2.1. A refutation in terms of arguments from factual impossibility, self-contradictoriness and from the analogy with ‘political correctness’
According to H.-R. Patapievici (2004), Matei’s explanation of Romania’s deficit of modernity is false and illegitimate because
(a) it is factually impossible to manipulate people’s economic behaviour to any significant degree;
(b) it is self-contradictory, and
(c) it is analogous with ‘political correctness’, which is a manifestation of ‘cultural socialism’, a form of ‘American communism’, etc.

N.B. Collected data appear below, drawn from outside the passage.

lemma vacuum_weight_tendsto:
  assumes "j \<in> I" and "filterlim r at_top F"
  shows "((\<lambda>t. exp (- 2 * pi * h j * r t)) \<longlongrightarrow> (if j = one then 1 else 0)) F"
proof (cases "j = one")
  case False
  then have "filterlim (\<lambda>t. 2 * pi * h j * r t) at_top F"
    using h_pos[OF assms(1)] by (intro filterlim_tendsto_pos_mult_at_top[OF tendsto_const _ assms(2)]) simp
  then have "filterlim (\<lambda>t. - 2 * pi * h j * r t) at_bot F"
    by (simp add: filterlim_uminus_at_top)
  with False show ?thesis
    by (simp add: filterlim_compose[OF exp_at_bot])
qed (simp add: h_one)

lemma chi_sum_tendsto:
  assumes "filterlim r at_top F"
  shows "((\<lambda>t. (\<Sum>j\<in>I. v j * chi j (of_real s + \<i> * of_real (r t))) * of_real (exp (- 2 * pi * (c / 24) * r t)))
           \<longlongrightarrow> v one * exp (2 * of_real pi * \<i> * of_real s * of_real (- c / 24))) F"
proof -
  have "(\<Sum>j\<in>I. v j * chi j (of_real s + \<i> * of_real (r t))) * of_real (exp (- 2 * pi * (c / 24) * r t))
      = (\<Sum>j\<in>I. v j * (chi j (of_real s + \<i> * of_real (r t)) * of_real (exp (2 * pi * (h j - c / 24) * r t)))
                    * of_real (exp (- 2 * pi * h j * r t)))" for t
    unfolding sum_distrib_right
    by (intro sum.cong refl) (simp add: mult_exp_exp algebra_simps flip: of_real_mult)
  moreover have "((\<lambda>t. \<Sum>j\<in>I. v j * (chi j (of_real s + \<i> * of_real (r t)) * of_real (exp (2 * pi * (h j - c / 24) * r t)))
                    * of_real (exp (- 2 * pi * h j * r t)))
      \<longlongrightarrow> (\<Sum>j\<in>I. v j * (exp (2 * of_real pi * \<i> * of_real s * of_real (h j - c / 24)) * of_nat (N j 0))
                    * of_real (if j = one then 1 else 0))) F"
    by (intro tendsto_sum tendsto_mult tendsto_const chi_tendsto tendsto_of_real vacuum_weight_tendsto assms)
  moreover have "(\<Sum>j\<in>I. v j * (exp (2 * of_real pi * \<i> * of_real s * of_real (h j - c / 24)) * of_nat (N j 0))
                    * of_real (if j = one then 1 else 0))
      = v one * exp (2 * of_real pi * \<i> * of_real s * of_real (- c / 24))"
    using finite_I one_in_I by (simp add: if_distrib h_one N_one cong: if_cong)
  ultimately show ?thesis
    by simp
qed
(* Let $L'$ be a superintuitionistic logic with $\mathsf{Box}\subsetneq L'$ which is not of finite depth. Then there is some $n$ such that every finite rooted frame of $L'$ has stack-depth at most $n$.
   Context: $\mathsf{Box}=\mathsf{wPL}\oplus\mathsf{bw}_2\oplus(\neg p\vee\neg\neg p)$, where $\mathsf{wPL}=\mathsf{IPC}\oplus(q\to p)\vee(((p\to q)\to p)\to p)$ and $\mathsf{bw}_2=\bigvee_{i=0}^2(p_i\to\bigvee_{j\ne i}p_j)$. Finite rooted frames of $\mathsf{wPL}$ are Boolean sums: finite rooted posets where (1) each immediate successor of $x$ has depth $d(x)-1$, (2) each point of depth $k+1$ is below all points of depth $k$ (depth of $x$: length of the longest chain starting at $x$; maximal points have depth $1$). For a Boolean sum, a $k$-stack is a run of $k$ consecutive depths each containing more than one point; the stack-depth is the largest $k$ for which a $k$-stack exists. $L$ is of finite depth if $L\supseteq\mathsf{IPC}\oplus\mathsf{bd}_m$ for some $m$, where $\mathsf{bd}_0=p_0$, $\mathsf{bd}_{m+1}=p_{m+1}\vee(p_{m+1}\to\mathsf{bd}_m)$. *)

theory Defs
  imports Main
begin

datatype fm = Var nat | Bot | Conj fm fm | Disj fm fm | Imp fm fm

definition Neg :: "fm \<Rightarrow> fm" where "Neg A = Imp A Bot"

primrec subst :: "(nat \<Rightarrow> fm) \<Rightarrow> fm \<Rightarrow> fm" where
  "subst s (Var n) = s n"
| "subst s Bot = Bot"
| "subst s (Conj A B) = Conj (subst s A) (subst s B)"
| "subst s (Disj A B) = Disj (subst s A) (subst s B)"
| "subst s (Imp A B) = Imp (subst s A) (subst s B)"

inductive_set IPC :: "fm set" where
  ax1: "Imp A (Imp B A) \<in> IPC"
| ax2: "Imp (Imp A (Imp B C)) (Imp (Imp A B) (Imp A C)) \<in> IPC"
| ax3: "Imp (Conj A B) A \<in> IPC"
| ax4: "Imp (Conj A B) B \<in> IPC"
| ax5: "Imp A (Imp B (Conj A B)) \<in> IPC"
| ax6: "Imp A (Disj A B) \<in> IPC"
| ax7: "Imp B (Disj A B) \<in> IPC"
| ax8: "Imp (Imp A C) (Imp (Imp B C) (Imp (Disj A B) C)) \<in> IPC"
| ax9: "Imp Bot A \<in> IPC"
| mp: "A \<in> IPC \<Longrightarrow> Imp A B \<in> IPC \<Longrightarrow> B \<in> IPC"

definition si_logic :: "fm set \<Rightarrow> bool" where
  "si_logic L \<longleftrightarrow> IPC \<subseteq> L
     \<and> (\<forall>A B. A \<in> L \<longrightarrow> Imp A B \<in> L \<longrightarrow> B \<in> L)
     \<and> (\<forall>s A. A \<in> L \<longrightarrow> subst s A \<in> L)"

inductive_set ext :: "fm set \<Rightarrow> fm set \<Rightarrow> fm set" for L \<Gamma> where
  ipc: "A \<in> IPC \<Longrightarrow> A \<in> ext L \<Gamma>"
| base: "A \<in> L \<Longrightarrow> A \<in> ext L \<Gamma>"
| new: "A \<in> \<Gamma> \<Longrightarrow> A \<in> ext L \<Gamma>"
| mp: "A \<in> ext L \<Gamma> \<Longrightarrow> Imp A B \<in> ext L \<Gamma> \<Longrightarrow> B \<in> ext L \<Gamma>"
| sub: "A \<in> ext L \<Gamma> \<Longrightarrow> subst s A \<in> ext L \<Gamma>"

definition wPL_ax :: fm where
  "wPL_ax = (let p = Var 0; q = Var 1 in
     Disj (Imp q p) (Imp (Imp (Imp p q) p) p))"

definition wPL :: "fm set" where "wPL = ext IPC {wPL_ax}"

definition bw2 :: fm where
  "bw2 = Disj (Imp (Var 0) (Disj (Var 1) (Var 2)))
          (Disj (Imp (Var 1) (Disj (Var 0) (Var 2)))
                (Imp (Var 2) (Disj (Var 0) (Var 1))))"
(* For all integers $n\ge2$ and $d$, the $(n-1)\times(n-1)$ matrix $P(n,d)=\bigl(p_{n,d}(i,j)\bigr)_{i,j=1}^{n-1}$ is symmetric and Toeplitz, i.e. $p_{n,d}(i,j)=p_{n,d}(j,i)$ for all $i,j\in[n-1]$ and $p_{n,d}(i+1,j+1)=p_{n,d}(i,j)$ for all $i,j\in[n-2]$.
   Context: A cycle $(c_1c_2\cdots c_k)$ of a permutation means $c_1\mapsto c_2\mapsto\cdots\mapsto c_k\mapsto c_1$. Its cyclic descent number is $\operatorname{cdes}(c)=\lvert\{t\in[k]: c_t>c_{t+1}\}\rvert$ and its cyclic ascent number $\operatorname{casc}(c)=\lvert\{t\in[k]: c_t<c_{t+1}\}\rvert$, where $c_{k+1}=c_1$; its cyclic weight is $w(c)=\min(\operatorname{cdes}(c),\operatorname{casc}(c))$, and the cyclic weight $w(\pi)$ of a permutation $\pi$ is the sum of the cyclic weights of all its cycles. An odd order permutation is one all of whose cycles have odd length. $\mathscr{P}_{n,d}$ is the set of odd order permutations of $[n]$ with cyclic weight $d$, and $p_{n,d}(i,j)$ is the number of $\pi\in\mathscr{P}_{n,d}$ containing $i\,n\,j$ as a cyclic factor, i.e. some cycle of $\pi$, written starting at a suitable element, contains $i,n,j$ consecutively (equivalently $\pi(i)=n$ and $\pi(n)=j$). *)

theory Defs
  imports "HOL-Combinatorics.Permutations"
begin

text \<open>The cycle of \<pi> through x is its orbit; written as (c_1 ... c_k) with c_{t+1} = \<pi> c_t,
  the positions t with c_t > c_{t+1} correspond bijectively to the elements y of the
  cycle with \<pi> y < y.\<close>

definition cycle_of :: "(nat \<Rightarrow> nat) \<Rightarrow> nat \<Rightarrow> nat set" where
  "cycle_of \<pi> x = {(\<pi> ^^ k) x | k. True}"

definition cycles_of :: "nat \<Rightarrow> (nat \<Rightarrow> nat) \<Rightarrow> nat set set" where
  "cycles_of n \<pi> = cycle_of \<pi> ` {1..n}"

definition cdes :: "(nat \<Rightarrow> nat) \<Rightarrow> nat set \<Rightarrow> nat" where
  "cdes \<pi> C = card {y \<in> C. \<pi> y < y}"

definition casc :: "(nat \<Rightarrow> nat) \<Rightarrow> nat set \<Rightarrow> nat" where
  "casc \<pi> C = card {y \<in> C. y < \<pi> y}"

definition cyc_weight :: "(nat \<Rightarrow> nat) \<Rightarrow> nat set \<Rightarrow> nat" where
  "cyc_weight \<pi> C = min (cdes \<pi> C) (casc \<pi> C)"

definition perm_weight :: "nat \<Rightarrow> (nat \<Rightarrow> nat) \<Rightarrow> nat" where
  "perm_weight n \<pi> = (\<Sum>C\<in>cycles_of n \<pi>. cyc_weight \<pi> C)"

definition odd_order :: "nat \<Rightarrow> (nat \<Rightarrow> nat) \<Rightarrow> bool" where
  "odd_order n \<pi> \<longleftrightarrow> (\<forall>C\<in>cycles_of n \<pi>. odd (card C))"

definition P_set :: "nat \<Rightarrow> int \<Rightarrow> (nat \<Rightarrow> nat) set" where
  "P_set n d = {\<pi>. \<pi> permutes {1..n} \<and> odd_order n \<pi> \<and> int (perm_weight n \<pi>) = d}"

definition p_count :: "nat \<Rightarrow> int \<Rightarrow> nat \<Rightarrow> nat \<Rightarrow> nat" where
  "p_count n d i j = card {\<pi> \<in> P_set n d. \<pi> i = n \<and> \<pi> n = j}"

end

theory Submission
  imports Defs "HOL-Combinatorics.Orbits"
begin

(* Inversion maps the permutations containing the cyclic factor i n j bijectively onto those
   containing j n i; it keeps the cycles as sets and exchanges cyclic descents with cyclic
   ascents, so the cyclic weight is unchanged.

   For the Toeplitz property conjugate by the cycle (1 2 ... n-1), which fixes n and turns the
   factor i n j into (i+1) n (j+1). This relabelling keeps the relative order of all letters
   except n-1, which becomes the smallest one. If n-1 is not a fixed point, neither of its
   neighbours in its cycle is n (as i, j are not n-1), so n-1 is a cyclic peak that becomes a
   cyclic valley: one descent turns into an ascent and one ascent into a descent, and every
   cycle keeps its numbers of descents and ascents. *)

lemma cycles_of_permutes:
  assumes "\<pi> permutes {1..n}"
  shows "cycles_of n \<pi> = orbit \<pi> ` {1..n}"
proof -
  have "permutation \<pi>"
    using permutes_imp_permutation[OF _ assms] by simp
  then show ?thesis
    unfolding cycles_of_def cycle_of_def by (simp add: orbit_altdef_permutation)
qed

lemma permutation_image_orbit:
  assumes "permutation \<pi>"
  shows "\<pi> ` orbit \<pi> x = orbit \<pi> x"
  using orbit_inverse[OF permutation_self_in_orbit[OF assms], where g' = \<pi> and f = \<pi>]
  by (simp add: permutation_orbit_step[OF assms])

lemma cdes_inv:
  assumes "inj \<pi>" "\<pi> ` C = C"
  shows "cdes (inv \<pi>) C = casc \<pi> C"
proof -
  have "{y \<in> \<pi> ` C. inv \<pi> y < y} = \<pi> ` {x \<in> C. x < \<pi> x}"
    using assms(1) by (auto simp: inv_f_f)
  then show ?thesis
    unfolding cdes_def casc_def assms(2) using assms(1) by (simp add: card_image inj_on_subset)
qed

lemma casc_inv:
  assumes "inj \<pi>" "\<pi> ` C = C"
  shows "casc (inv \<pi>) C = cdes \<pi> C"
proof -
  have "{y \<in> \<pi> ` C. y < inv \<pi> y} = \<pi> ` {x \<in> C. \<pi> x < x}"
    using assms(1) by (auto simp: inv_f_f)
  then show ?thesis
    unfolding cdes_def casc_def assms(2) using assms(1) by (simp add: card_image inj_on_subset)
qed

lemma cyc_weight_inv:
  assumes "inj \<pi>" "\<pi> ` C = C"
  shows "cyc_weight (inv \<pi>) C = cyc_weight \<pi> C"
  unfolding cyc_weight_def cdes_inv[OF assms] casc_inv[OF assms] by simp

lemma cycles_of_inv:
  assumes "\<pi> permutes {1..n}"
  shows "cycles_of n (inv \<pi>) = cycles_of n \<pi>"
  using permutes_imp_permutation[OF _ assms]
  by (simp add: cycles_of_permutes[OF assms] cycles_of_permutes[OF permutes_inv[OF assms]]
      orbit_inv_eq)

lemma perm_weight_inv:
  assumes "\<pi> permutes {1..n}"
  shows "perm_weight n (inv \<pi>) = perm_weight n \<pi>"
proof -
  have "permutation \<pi>"
    using permutes_imp_permutation[OF _ assms] by simp
  have "cyc_weight (inv \<pi>) C = cyc_weight \<pi> C" if "C \<in> cycles_of n \<pi>" for C
  proof -
    from that obtain x where "C = orbit \<pi> x"
      by (auto simp: cycles_of_permutes[OF assms])
    then show ?thesis
      using \<open>permutation \<pi>\<close>
      by (simp add: cyc_weight_inv permutes_inj[OF assms] permutation_image_orbit)
  qed
  then show ?thesis
    unfolding perm_weight_def cycles_of_inv[OF assms] by (rule sum.cong[OF refl])
qed

lemma odd_order_inv:
  assumes "\<pi> permutes {1..n}"
  shows "odd_order n (inv \<pi>) \<longleftrightarrow> odd_order n \<pi>"
  unfolding odd_order_def cycles_of_inv[OF assms] ..

lemma orbit_conj:
  assumes "permutation \<pi>" "bij \<sigma>"
  shows "orbit (\<sigma> \<circ> \<pi> \<circ> inv \<sigma>) (\<sigma> x) = \<sigma> ` orbit \<pi> x"
  using orbit_inverse[OF permutation_self_in_orbit[OF assms(1)], where g' = "\<sigma> \<circ> \<pi> \<circ> inv \<sigma>"
      and f = \<sigma>] assms(2)
  by (simp add: bij_is_inj inv_f_f)

lemma cycles_of_conj:
  assumes "\<sigma> permutes {1..n}" "\<pi> permutes {1..n}"
  shows "cycles_of n (\<sigma> \<circ> \<pi> \<circ> inv \<sigma>) = image \<sigma> ` cycles_of n \<pi>"
proof -
  have "(\<sigma> \<circ> \<pi> \<circ> inv \<sigma>) permutes {1..n}"
    using assms by (simp add: permutes_compose permutes_inv)
  then have "cycles_of n (\<sigma> \<circ> \<pi> \<circ> inv \<sigma>) = orbit (\<sigma> \<circ> \<pi> \<circ> inv \<sigma>) ` \<sigma> ` {1..n}"
    by (simp only: cycles_of_permutes permutes_image[OF assms(1)])
  also have "\<dots> = image \<sigma> ` cycles_of n \<pi>"
    using permutes_imp_permutation[OF _ assms(2)] permutes_bij[OF assms(1)]
    by (simp add: cycles_of_permutes[OF assms(2)] image_image orbit_conj)
  finally show ?thesis .
qed

lemma cdes_conj:
  assumes "inj \<sigma>"
  shows "cdes (\<sigma> \<circ> \<pi> \<circ> inv \<sigma>) (\<sigma> ` C) = card {x \<in> C. \<sigma> (\<pi> x) < \<sigma> x}"
proof -
  have "{y \<in> \<sigma> ` C. (\<sigma> \<circ> \<pi> \<circ> inv \<sigma>) y < y} = \<sigma> ` {x \<in> C. \<sigma> (\<pi> x) < \<sigma> x}"
    using assms by (auto simp: inv_f_f)
  then show ?thesis
    unfolding cdes_def using assms by (simp add: card_image inj_on_subset)
qed

lemma casc_conj:
  assumes "inj \<sigma>"
  shows "casc (\<sigma> \<circ> \<pi> \<circ> inv \<sigma>) (\<sigma> ` C) = card {x \<in> C. \<sigma> x < \<sigma> (\<pi> x)}"
proof -
  have "{y \<in> \<sigma> ` C. y < (\<sigma> \<circ> \<pi> \<circ> inv \<sigma>) y} = \<sigma> ` {x \<in> C. \<sigma> x < \<sigma> (\<pi> x)}"
    using assms by (auto simp: inv_f_f)
  then show ?thesis
    unfolding casc_def using assms by (simp add: card_image inj_on_subset)
qed

lemma odd_order_conj:
  assumes "\<sigma> permutes {1..n}" "\<pi> permutes {1..n}"
  shows "odd_order n (\<sigma> \<circ> \<pi> \<circ> inv \<sigma>) \<longleftrightarrow> odd_order n \<pi>"
  unfolding odd_order_def cycles_of_conj[OF assms]
  using permutes_inj[OF assms(1)] by (simp add: card_image inj_on_subset)

lemma perm_weight_conj:
  assumes "\<sigma> permutes {1..n}" "\<pi> permutes {1..n}"
    and "\<And>C. C \<in> cycles_of n \<pi> \<Longrightarrow>
      card {x \<in> C. \<sigma> (\<pi> x) < \<sigma> x} = cdes \<pi> C \<and> card {x \<in> C. \<sigma> x < \<sigma> (\<pi> x)} = casc \<pi> C"
  shows "perm_weight n (\<sigma> \<circ> \<pi> \<circ> inv \<sigma>) = perm_weight n \<pi>"
proof -
  have inj: "inj \<sigma>"
    using assms(1) by (rule permutes_inj)
  then have "inj_on (image \<sigma>) (cycles_of n \<pi>)"
    by (simp add: inj_on_def inj_image_eq_iff)
  then have "perm_weight n (\<sigma> \<circ> \<pi> \<circ> inv \<sigma>) =
      (\<Sum>C\<in>cycles_of n \<pi>. cyc_weight (\<sigma> \<circ> \<pi> \<circ> inv \<sigma>) (\<sigma> ` C))"
    unfolding perm_weight_def cycles_of_conj[OF assms(1,2)] by (simp add: sum.reindex)
  also have "\<dots> = perm_weight n \<pi>"
    unfolding perm_weight_def cyc_weight_def
    using assms(3) by (simp add: cdes_conj[OF inj] casc_conj[OF inj])
  finally show ?thesis .
qed

lemma p_count_swap: "p_count n d i j = p_count n d j i"
proof -
  have into: "inv ` {\<pi> \<in> P_set n d. \<pi> i = n \<and> \<pi> n = j} \<subseteq> {\<pi> \<in> P_set n d. \<pi> j = n \<and> \<pi> n = i}"
    for i j
    by (auto simp: P_set_def permutes_inv perm_weight_inv odd_order_inv permutes_inv_eq)
  have "bij_betw inv {\<pi> \<in> P_set n d. \<pi> i = n \<and> \<pi> n = j} {\<pi> \<in> P_set n d. \<pi> j = n \<and> \<pi> n = i}"
    by (rule bij_betw_byWitness[where f' = inv])
      (use into in \<open>auto simp: P_set_def permutes_inv_inv\<close>)
  then show ?thesis
    unfolding p_count_def by (rule bij_betw_same_card)
qed

lemma p_count_conj:
  assumes \<sigma>: "\<sigma> permutes {1..n}" "\<sigma> n = n"
    and weight: "\<And>\<pi>. \<pi> permutes {1..n} \<Longrightarrow> \<pi> i = n \<Longrightarrow> \<pi> n = j \<Longrightarrow>
      perm_weight n (\<sigma> \<circ> \<pi> \<circ> inv \<sigma>) = perm_weight n \<pi>"
  shows "p_count n d (\<sigma> i) (\<sigma> j) = p_count n d i j"
proof -
  let ?A = "{\<pi> \<in> P_set n d. \<pi> i = n \<and> \<pi> n = j}"
  let ?B = "{\<pi> \<in> P_set n d. \<pi> (\<sigma> i) = n \<and> \<pi> n = \<sigma> j}"
  have inv_n: "inv \<sigma> n = n"
    using \<sigma> by (simp add: permutes_inv_eq)
  have into_B: "\<sigma> \<circ> \<pi> \<circ> inv \<sigma> \<in> ?B" if "\<pi> \<in> ?A" for \<pi>
    using that \<sigma> weight[of \<pi>] inv_n
    by (simp add: P_set_def permutes_compose permutes_inv odd_order_conj permutes_inverses)
  have into_A: "inv \<sigma> \<circ> q \<circ> \<sigma> \<in> ?A" if "q \<in> ?B" for q
  proof -
    define \<pi> where "\<pi> = inv \<sigma> \<circ> q \<circ> \<sigma>"
    have q: "q = \<sigma> \<circ> \<pi> \<circ> inv \<sigma>"
      by (simp add: \<pi>_def fun_eq_iff permutes_inverses[OF \<sigma>(1)])
    have \<pi>: "\<pi> permutes {1..n}" "\<pi> i = n" "\<pi> n = j"
      using that \<sigma> inv_n
      by (simp_all add: \<pi>_def P_set_def permutes_compose permutes_inv permutes_inverses)
    have "\<sigma> \<circ> \<pi> \<circ> inv \<sigma> \<in> P_set n d"
      using that q by simp
    then have "\<pi> \<in> ?A"
      using \<pi> weight[OF \<pi>] odd_order_conj[OF \<sigma>(1) \<pi>(1)] by (simp add: P_set_def)
    then show ?thesis
      by (simp add: \<pi>_def)
  qed
  have "bij_betw (\<lambda>\<pi>. \<sigma> \<circ> \<pi> \<circ> inv \<sigma>) ?A ?B"
    by (rule bij_betw_byWitness[where f' = "\<lambda>q. inv \<sigma> \<circ> q \<circ> \<sigma>"])
      (use into_A into_B in \<open>auto simp: fun_eq_iff permutes_inverses[OF \<sigma>(1)]\<close>)
  then show ?thesis
    unfolding p_count_def by (rule bij_betw_same_card[symmetric])
qed

lemma card_insert_Diff_swap:
  assumes "finite D" "m \<in> D" "a \<notin> D"
  shows "card (insert a (D - {m})) = card D"
  using assms by (metis DiffD1 card_Suc_Diff1 card_insert_disjoint finite_Diff)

In his answer to the first question, Patapievici begins by subtly reformulating Matei’s theory so that status groups are redefined in terms of ‘backstage maneuvers’ and ‘underground conspiracies’. In so doing he violates Rule 3, the standpoint rule, as Matei’s emphatic point was that status groups are not to be understood in terms of conspiracies but as the natural correlate of a given stage of development, and that relationships that cement them (loyalty, friendship, love, admiration) are openly acknowledged (that they are so is in fact obvious from Liiceanu’s own response, see below). He also violates Rule 6, the starting point rule, by presenting his own interpretation of status group theory in terms of backstage maneuvers as being allegedly shared with the reader, and by further postulating two possibilities (hypotheses) on its basis, in a would-be critical rationalist manner. He derives testable consequences from these hypotheses and shows that they are impossible or self-contradictory, which he takes as a conclusive falsification of the original hypotheses, therefore of Matei’s standpoint. Here is a relevant fragment from Patapievici’s text (my translation):
‘… Matei’s idea is that there is no genuine cultural market in Romania because the selection of authors through commercial success is replaced by a counter-selection, accomplished through the maneuvers of status groups. When there is market success, this theory claims, what we are dealing with, in fact, is a success of marketing, achieved by status groups. It follows that it is not the market that establishes what is valuable, but backstage maneuvers. The backstage, in this theory, is in the hands of status groups, and the personalities that manage to have public impact, as well as the public’s opinion about them, are but the intentional consequences of status group maneuvers. In other words, the cultural authorities of the Romanian public sphere are not real, because, instead of being produced publicly and transparently by market mechanisms, they are secretly manufactured behind the scenes, outside public control, by underground conspiring groups.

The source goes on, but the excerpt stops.